_Work item:_ Go through the entries one line at a time, and gather every line that has the word "rule".

══ Available data

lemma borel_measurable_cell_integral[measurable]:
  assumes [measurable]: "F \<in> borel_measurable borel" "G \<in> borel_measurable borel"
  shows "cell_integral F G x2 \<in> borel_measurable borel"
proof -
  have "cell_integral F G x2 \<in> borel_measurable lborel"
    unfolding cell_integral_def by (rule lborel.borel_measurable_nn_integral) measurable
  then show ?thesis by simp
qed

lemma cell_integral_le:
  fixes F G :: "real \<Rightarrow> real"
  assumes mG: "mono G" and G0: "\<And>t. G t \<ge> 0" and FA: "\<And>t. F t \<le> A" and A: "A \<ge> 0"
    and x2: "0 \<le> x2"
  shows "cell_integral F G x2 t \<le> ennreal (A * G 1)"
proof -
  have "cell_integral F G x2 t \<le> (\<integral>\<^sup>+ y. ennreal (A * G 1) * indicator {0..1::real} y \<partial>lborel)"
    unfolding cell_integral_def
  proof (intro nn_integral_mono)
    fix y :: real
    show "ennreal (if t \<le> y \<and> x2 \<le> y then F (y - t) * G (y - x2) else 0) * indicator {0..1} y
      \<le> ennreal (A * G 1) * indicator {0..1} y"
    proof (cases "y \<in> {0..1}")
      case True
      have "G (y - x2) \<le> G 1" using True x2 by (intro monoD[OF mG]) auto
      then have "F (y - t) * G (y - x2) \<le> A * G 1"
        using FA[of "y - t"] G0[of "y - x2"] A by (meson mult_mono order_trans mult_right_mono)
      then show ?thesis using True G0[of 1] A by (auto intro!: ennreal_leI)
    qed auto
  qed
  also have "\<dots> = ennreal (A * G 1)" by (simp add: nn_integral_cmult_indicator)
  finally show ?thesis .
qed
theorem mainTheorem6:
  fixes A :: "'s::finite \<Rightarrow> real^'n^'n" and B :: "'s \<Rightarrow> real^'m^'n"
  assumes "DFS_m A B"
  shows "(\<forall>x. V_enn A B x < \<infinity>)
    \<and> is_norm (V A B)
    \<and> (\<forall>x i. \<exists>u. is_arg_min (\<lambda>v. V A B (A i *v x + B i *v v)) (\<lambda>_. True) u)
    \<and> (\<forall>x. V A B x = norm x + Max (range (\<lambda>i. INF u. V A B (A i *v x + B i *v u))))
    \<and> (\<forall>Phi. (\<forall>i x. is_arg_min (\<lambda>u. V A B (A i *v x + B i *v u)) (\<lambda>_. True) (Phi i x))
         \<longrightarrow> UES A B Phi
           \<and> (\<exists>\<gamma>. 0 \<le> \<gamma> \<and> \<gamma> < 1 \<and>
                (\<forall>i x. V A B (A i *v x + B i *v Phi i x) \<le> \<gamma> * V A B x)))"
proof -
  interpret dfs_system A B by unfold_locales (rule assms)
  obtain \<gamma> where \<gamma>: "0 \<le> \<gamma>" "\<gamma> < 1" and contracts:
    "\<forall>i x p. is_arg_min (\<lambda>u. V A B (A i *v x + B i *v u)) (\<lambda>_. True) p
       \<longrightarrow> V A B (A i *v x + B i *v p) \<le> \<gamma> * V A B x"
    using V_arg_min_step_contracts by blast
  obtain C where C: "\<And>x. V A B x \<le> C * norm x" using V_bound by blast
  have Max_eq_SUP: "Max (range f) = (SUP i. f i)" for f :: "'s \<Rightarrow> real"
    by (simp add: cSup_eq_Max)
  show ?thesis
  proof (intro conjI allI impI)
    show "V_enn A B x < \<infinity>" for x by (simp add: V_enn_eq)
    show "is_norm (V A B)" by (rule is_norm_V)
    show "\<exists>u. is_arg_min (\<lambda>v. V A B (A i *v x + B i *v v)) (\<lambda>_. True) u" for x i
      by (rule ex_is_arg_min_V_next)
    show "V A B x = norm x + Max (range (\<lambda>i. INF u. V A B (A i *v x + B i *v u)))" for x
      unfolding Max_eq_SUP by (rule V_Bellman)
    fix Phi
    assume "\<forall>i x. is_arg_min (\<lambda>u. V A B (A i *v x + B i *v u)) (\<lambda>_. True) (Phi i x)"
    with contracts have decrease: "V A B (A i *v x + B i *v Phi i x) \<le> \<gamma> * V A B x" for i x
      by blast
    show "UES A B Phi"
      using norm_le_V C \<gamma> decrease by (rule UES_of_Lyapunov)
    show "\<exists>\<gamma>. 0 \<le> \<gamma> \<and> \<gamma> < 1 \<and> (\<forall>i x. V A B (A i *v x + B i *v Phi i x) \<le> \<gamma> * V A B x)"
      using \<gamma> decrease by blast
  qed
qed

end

════

_Solved problem:_
    unfolding cell_integral_def by (rule lborel.borel_measurable_nn_integral) measurable
  interpret dfs_system A B by unfold_locales (rule assms)
    show "is_norm (V A B)" by (rule is_norm_V)
      by (rule ex_is_arg_min_V_next)
      unfolding Max_eq_SUP by (rule V_Bellman)
      using norm_le_V C \<gamma> decrease by (rule UES_of_Lyapunov)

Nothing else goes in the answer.